Dataset entries:
____________
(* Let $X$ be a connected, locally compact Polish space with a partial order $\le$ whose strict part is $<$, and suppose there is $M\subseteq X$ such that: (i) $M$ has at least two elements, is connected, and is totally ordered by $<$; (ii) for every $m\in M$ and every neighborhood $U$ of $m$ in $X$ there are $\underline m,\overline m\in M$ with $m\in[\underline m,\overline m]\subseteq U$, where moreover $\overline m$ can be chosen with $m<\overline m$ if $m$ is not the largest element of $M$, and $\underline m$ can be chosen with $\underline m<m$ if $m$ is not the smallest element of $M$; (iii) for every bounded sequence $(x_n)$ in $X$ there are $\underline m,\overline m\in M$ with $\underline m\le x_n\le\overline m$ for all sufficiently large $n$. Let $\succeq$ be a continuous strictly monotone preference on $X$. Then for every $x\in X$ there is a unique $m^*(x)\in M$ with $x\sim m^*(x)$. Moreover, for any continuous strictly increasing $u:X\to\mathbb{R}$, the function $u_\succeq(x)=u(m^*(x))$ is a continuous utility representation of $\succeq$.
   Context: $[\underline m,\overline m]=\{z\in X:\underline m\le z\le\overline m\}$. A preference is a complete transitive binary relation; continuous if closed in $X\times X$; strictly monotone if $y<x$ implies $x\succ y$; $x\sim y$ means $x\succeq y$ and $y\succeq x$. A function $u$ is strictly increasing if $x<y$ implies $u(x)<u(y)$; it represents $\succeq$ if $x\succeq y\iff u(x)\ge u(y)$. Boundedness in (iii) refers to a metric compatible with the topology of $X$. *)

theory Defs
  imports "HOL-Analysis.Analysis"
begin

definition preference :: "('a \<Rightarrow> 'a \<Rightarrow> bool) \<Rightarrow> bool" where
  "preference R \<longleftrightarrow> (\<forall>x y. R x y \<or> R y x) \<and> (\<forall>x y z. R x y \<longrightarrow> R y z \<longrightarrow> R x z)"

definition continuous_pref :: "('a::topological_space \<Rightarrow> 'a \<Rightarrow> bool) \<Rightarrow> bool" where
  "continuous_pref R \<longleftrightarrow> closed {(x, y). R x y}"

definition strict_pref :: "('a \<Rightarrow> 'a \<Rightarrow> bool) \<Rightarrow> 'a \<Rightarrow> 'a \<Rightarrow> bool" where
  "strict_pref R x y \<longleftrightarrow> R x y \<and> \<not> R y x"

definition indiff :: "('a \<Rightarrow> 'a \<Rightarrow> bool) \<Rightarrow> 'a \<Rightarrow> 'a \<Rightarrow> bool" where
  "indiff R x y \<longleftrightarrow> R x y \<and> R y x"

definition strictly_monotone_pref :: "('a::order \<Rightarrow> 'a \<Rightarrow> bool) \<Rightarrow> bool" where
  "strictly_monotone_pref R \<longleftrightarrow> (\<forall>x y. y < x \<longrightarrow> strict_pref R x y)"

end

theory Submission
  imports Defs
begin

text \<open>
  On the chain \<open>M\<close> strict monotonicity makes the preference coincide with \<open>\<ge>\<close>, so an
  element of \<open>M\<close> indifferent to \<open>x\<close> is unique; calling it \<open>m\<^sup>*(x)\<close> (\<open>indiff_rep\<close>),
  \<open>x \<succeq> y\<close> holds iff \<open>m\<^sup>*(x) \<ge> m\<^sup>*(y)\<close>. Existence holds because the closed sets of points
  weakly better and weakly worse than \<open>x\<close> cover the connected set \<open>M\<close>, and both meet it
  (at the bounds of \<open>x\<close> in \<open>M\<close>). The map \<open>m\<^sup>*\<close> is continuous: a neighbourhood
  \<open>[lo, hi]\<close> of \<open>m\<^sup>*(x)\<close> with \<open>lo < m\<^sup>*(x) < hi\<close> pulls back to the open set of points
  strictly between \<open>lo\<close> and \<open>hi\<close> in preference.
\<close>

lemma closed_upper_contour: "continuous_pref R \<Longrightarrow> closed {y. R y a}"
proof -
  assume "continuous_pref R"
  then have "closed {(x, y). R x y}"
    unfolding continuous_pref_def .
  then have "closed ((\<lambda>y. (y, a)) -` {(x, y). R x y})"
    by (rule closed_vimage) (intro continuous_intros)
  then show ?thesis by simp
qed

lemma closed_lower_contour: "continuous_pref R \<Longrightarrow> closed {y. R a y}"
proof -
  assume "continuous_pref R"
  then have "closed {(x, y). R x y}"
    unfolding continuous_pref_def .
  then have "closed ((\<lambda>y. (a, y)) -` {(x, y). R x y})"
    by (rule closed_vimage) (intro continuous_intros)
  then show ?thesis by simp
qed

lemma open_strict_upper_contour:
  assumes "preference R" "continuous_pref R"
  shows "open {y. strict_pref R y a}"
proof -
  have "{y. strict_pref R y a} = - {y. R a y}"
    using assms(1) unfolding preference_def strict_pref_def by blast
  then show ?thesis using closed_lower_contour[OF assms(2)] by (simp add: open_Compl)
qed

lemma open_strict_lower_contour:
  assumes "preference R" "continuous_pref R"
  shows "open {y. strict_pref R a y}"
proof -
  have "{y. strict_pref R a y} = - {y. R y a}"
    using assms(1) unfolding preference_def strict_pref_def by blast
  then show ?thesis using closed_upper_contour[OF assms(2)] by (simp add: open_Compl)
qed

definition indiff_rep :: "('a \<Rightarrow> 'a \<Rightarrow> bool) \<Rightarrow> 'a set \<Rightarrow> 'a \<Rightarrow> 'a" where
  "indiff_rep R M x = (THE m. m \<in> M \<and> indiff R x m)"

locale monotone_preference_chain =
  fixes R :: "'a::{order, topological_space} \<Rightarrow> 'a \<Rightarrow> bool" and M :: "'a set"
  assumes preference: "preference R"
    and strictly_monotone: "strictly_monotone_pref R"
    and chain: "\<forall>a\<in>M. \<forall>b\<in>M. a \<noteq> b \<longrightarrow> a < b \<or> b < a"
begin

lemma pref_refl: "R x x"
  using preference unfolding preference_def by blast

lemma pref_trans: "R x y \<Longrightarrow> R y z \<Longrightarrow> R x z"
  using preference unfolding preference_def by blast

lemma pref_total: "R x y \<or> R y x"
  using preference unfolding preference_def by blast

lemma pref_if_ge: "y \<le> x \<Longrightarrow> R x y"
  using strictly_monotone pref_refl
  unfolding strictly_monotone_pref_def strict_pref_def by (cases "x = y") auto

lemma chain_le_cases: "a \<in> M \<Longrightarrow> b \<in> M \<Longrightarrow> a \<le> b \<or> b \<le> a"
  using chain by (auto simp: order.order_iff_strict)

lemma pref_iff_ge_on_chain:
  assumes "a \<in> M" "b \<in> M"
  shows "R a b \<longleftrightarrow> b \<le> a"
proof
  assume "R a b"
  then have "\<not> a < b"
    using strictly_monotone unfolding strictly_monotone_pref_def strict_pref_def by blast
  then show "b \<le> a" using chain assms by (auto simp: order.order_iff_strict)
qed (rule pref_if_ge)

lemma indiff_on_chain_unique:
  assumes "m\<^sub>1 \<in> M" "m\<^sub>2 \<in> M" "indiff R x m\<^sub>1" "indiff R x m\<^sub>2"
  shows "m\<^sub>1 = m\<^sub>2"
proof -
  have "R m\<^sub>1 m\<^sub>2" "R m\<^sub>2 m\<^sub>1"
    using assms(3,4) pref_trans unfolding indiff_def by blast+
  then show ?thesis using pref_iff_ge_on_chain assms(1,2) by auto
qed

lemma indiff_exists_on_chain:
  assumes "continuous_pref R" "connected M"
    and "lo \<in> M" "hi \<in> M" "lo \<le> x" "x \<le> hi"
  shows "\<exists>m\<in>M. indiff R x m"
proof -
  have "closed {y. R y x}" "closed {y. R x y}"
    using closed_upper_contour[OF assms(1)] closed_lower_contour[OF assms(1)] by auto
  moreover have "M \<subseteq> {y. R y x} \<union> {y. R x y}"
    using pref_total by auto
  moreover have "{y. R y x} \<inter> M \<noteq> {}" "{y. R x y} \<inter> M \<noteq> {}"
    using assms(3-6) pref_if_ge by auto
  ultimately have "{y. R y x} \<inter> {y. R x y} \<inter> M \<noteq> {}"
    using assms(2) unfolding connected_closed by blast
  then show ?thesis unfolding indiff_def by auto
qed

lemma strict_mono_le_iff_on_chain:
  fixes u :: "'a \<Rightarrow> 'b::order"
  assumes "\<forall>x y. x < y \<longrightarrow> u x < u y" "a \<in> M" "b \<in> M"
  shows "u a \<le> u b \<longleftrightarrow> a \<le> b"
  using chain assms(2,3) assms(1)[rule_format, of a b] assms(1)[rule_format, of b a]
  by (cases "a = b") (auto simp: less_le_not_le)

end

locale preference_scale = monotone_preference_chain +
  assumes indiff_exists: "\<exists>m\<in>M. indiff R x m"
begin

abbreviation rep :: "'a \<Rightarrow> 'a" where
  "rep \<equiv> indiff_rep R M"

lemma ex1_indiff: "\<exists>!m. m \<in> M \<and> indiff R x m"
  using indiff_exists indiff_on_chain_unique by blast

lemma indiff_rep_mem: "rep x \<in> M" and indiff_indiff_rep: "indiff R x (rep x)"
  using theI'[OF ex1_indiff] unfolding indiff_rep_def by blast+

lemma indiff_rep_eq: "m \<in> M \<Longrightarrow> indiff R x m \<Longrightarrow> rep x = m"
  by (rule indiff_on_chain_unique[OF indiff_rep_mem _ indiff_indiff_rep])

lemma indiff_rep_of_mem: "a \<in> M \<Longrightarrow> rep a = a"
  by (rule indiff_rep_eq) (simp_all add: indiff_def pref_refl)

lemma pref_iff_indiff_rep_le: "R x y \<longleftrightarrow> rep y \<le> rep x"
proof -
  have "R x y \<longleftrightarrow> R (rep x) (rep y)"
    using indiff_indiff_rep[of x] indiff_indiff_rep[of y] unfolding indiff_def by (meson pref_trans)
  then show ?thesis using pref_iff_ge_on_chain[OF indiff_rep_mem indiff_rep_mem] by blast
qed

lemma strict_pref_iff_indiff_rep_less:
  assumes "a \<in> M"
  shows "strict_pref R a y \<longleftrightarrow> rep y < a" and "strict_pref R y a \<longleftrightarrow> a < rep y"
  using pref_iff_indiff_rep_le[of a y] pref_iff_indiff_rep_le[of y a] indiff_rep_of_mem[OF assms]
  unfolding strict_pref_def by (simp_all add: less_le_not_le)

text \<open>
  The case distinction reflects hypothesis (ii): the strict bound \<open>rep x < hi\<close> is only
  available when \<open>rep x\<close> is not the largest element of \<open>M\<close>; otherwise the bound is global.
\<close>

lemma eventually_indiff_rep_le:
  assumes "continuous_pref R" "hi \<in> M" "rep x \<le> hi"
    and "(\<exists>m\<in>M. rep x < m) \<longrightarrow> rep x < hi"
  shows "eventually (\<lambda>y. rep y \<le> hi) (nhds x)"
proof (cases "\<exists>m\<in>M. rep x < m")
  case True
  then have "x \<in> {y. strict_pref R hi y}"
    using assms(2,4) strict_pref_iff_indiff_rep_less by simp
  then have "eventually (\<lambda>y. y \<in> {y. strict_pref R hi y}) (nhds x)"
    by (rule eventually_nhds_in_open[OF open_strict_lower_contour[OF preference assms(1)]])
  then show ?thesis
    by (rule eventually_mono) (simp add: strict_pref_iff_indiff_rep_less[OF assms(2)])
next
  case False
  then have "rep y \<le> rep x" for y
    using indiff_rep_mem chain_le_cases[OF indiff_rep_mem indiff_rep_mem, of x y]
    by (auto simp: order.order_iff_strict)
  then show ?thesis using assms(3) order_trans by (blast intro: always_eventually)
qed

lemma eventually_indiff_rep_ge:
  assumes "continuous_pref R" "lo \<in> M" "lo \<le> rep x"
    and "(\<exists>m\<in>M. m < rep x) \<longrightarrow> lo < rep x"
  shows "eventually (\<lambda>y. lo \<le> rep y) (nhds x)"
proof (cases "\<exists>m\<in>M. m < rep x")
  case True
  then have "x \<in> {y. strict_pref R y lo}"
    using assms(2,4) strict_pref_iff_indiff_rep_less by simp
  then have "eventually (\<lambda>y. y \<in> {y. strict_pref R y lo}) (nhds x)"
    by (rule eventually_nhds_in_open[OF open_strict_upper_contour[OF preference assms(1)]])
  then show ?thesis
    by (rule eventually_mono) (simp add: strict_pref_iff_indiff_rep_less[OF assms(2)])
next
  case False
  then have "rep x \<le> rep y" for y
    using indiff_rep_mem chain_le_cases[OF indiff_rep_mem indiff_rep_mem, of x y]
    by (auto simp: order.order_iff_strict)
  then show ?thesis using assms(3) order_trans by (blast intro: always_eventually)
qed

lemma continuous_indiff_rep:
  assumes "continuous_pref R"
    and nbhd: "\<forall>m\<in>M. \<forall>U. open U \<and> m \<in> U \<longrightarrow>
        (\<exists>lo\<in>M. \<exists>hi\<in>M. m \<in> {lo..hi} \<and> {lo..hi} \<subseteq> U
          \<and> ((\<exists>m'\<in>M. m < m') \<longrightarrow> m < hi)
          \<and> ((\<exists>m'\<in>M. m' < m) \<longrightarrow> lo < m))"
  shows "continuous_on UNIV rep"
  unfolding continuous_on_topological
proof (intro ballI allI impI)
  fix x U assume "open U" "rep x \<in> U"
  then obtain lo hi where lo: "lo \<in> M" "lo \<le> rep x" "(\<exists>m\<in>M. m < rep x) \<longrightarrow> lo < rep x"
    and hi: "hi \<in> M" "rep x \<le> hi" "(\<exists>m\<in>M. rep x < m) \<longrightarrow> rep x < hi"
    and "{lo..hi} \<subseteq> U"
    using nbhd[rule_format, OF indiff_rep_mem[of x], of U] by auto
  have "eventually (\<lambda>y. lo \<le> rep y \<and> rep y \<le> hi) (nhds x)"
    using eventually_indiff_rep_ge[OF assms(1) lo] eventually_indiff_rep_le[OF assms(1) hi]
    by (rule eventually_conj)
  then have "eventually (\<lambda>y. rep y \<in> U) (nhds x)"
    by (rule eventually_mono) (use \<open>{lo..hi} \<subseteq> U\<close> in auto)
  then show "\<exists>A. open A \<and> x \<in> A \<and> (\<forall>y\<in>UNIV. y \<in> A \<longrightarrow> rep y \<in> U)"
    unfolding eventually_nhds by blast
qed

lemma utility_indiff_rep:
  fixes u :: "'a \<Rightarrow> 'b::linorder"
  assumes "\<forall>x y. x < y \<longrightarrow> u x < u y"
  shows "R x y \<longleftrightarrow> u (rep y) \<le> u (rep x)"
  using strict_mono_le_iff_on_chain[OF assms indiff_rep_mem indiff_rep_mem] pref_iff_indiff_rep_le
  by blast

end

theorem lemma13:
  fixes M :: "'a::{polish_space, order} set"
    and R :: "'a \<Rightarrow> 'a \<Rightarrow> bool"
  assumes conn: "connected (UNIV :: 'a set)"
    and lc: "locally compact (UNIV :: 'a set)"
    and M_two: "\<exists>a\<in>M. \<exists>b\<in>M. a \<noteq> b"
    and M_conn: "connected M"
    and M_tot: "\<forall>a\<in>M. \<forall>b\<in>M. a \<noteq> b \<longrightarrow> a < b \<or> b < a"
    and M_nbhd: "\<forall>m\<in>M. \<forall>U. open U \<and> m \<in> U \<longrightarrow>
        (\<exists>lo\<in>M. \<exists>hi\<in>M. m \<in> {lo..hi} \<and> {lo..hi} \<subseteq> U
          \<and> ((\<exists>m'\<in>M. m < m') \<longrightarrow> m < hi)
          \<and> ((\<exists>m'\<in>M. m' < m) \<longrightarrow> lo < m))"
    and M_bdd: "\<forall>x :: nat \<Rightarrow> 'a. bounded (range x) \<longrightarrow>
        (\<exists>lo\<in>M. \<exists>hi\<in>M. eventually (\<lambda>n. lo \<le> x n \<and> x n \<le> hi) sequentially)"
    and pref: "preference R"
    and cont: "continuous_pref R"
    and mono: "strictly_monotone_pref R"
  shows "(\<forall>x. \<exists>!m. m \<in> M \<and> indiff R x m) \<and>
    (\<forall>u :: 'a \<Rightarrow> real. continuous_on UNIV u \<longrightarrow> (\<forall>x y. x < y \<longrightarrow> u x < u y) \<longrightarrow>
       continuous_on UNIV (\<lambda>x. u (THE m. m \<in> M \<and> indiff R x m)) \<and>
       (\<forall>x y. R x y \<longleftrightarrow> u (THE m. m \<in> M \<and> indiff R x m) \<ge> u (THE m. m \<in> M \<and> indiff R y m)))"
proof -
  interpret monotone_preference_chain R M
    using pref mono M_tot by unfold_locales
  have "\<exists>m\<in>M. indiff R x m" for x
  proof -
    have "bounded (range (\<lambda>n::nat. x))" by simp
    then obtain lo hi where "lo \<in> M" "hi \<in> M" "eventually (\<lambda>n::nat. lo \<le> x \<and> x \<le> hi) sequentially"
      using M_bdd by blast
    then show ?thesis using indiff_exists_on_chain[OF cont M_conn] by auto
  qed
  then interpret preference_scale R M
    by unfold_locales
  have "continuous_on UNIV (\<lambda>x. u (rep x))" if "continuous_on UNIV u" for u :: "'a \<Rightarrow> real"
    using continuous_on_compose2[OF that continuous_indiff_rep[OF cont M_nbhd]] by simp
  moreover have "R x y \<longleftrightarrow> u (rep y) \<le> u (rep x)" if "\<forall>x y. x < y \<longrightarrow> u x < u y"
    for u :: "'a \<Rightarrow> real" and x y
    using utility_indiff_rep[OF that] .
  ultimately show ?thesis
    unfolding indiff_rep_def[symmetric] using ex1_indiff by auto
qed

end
____________
TASK STATEMENT: Only the lines from the first line of the records through the line with "y \<and> \<not>" should be reproduced, exactly and with nothing added.

ANSWER FOR THIS EXERCISE:
(* Let $X$ be a connected, locally compact Polish space with a partial order $\le$ whose strict part is $<$, and suppose there is $M\subseteq X$ such that: (i) $M$ has at least two elements, is connected, and is totally ordered by $<$; (ii) for every $m\in M$ and every neighborhood $U$ of $m$ in $X$ there are $\underline m,\overline m\in M$ with $m\in[\underline m,\overline m]\subseteq U$, where moreover $\overline m$ can be chosen with $m<\overline m$ if $m$ is not the largest element of $M$, and $\underline m$ can be chosen with $\underline m<m$ if $m$ is not the smallest element of $M$; (iii) for every bounded sequence $(x_n)$ in $X$ there are $\underline m,\overline m\in M$ with $\underline m\le x_n\le\overline m$ for all sufficiently large $n$. Let $\succeq$ be a continuous strictly monotone preference on $X$. Then for every $x\in X$ there is a unique $m^*(x)\in M$ with $x\sim m^*(x)$. Moreover, for any continuous strictly increasing $u:X\to\mathbb{R}$, the function $u_\succeq(x)=u(m^*(x))$ is a continuous utility representation of $\succeq$.
   Context: $[\underline m,\overline m]=\{z\in X:\underline m\le z\le\overline m\}$. A preference is a complete transitive binary relation; continuous if closed in $X\times X$; strictly monotone if $y<x$ implies $x\succ y$; $x\sim y$ means $x\succeq y$ and $y\succeq x$. A function $u$ is strictly increasing if $x<y$ implies $u(x)<u(y)$; it represents $\succeq$ if $x\succeq y\iff u(x)\ge u(y)$. Boundedness in (iii) refers to a metric compatible with the topology of $X$. *)

theory Defs
  imports "HOL-Analysis.Analysis"
begin

definition preference :: "('a \<Rightarrow> 'a \<Rightarrow> bool) \<Rightarrow> bool" where
  "preference R \<longleftrightarrow> (\<forall>x y. R x y \<or> R y x) \<and> (\<forall>x y z. R x y \<longrightarrow> R y z \<longrightarrow> R x z)"

definition continuous_pref :: "('a::topological_space \<Rightarrow> 'a \<Rightarrow> bool) \<Rightarrow> bool" where
  "continuous_pref R \<longleftrightarrow> closed {(x, y). R x y}"

definition strict_pref :: "('a \<Rightarrow> 'a \<Rightarrow> bool) \<Rightarrow> 'a \<Rightarrow> 'a \<Rightarrow> bool" where
  "strict_pref R x y \<longleftrightarrow> R x y \<and> \<not> R y x"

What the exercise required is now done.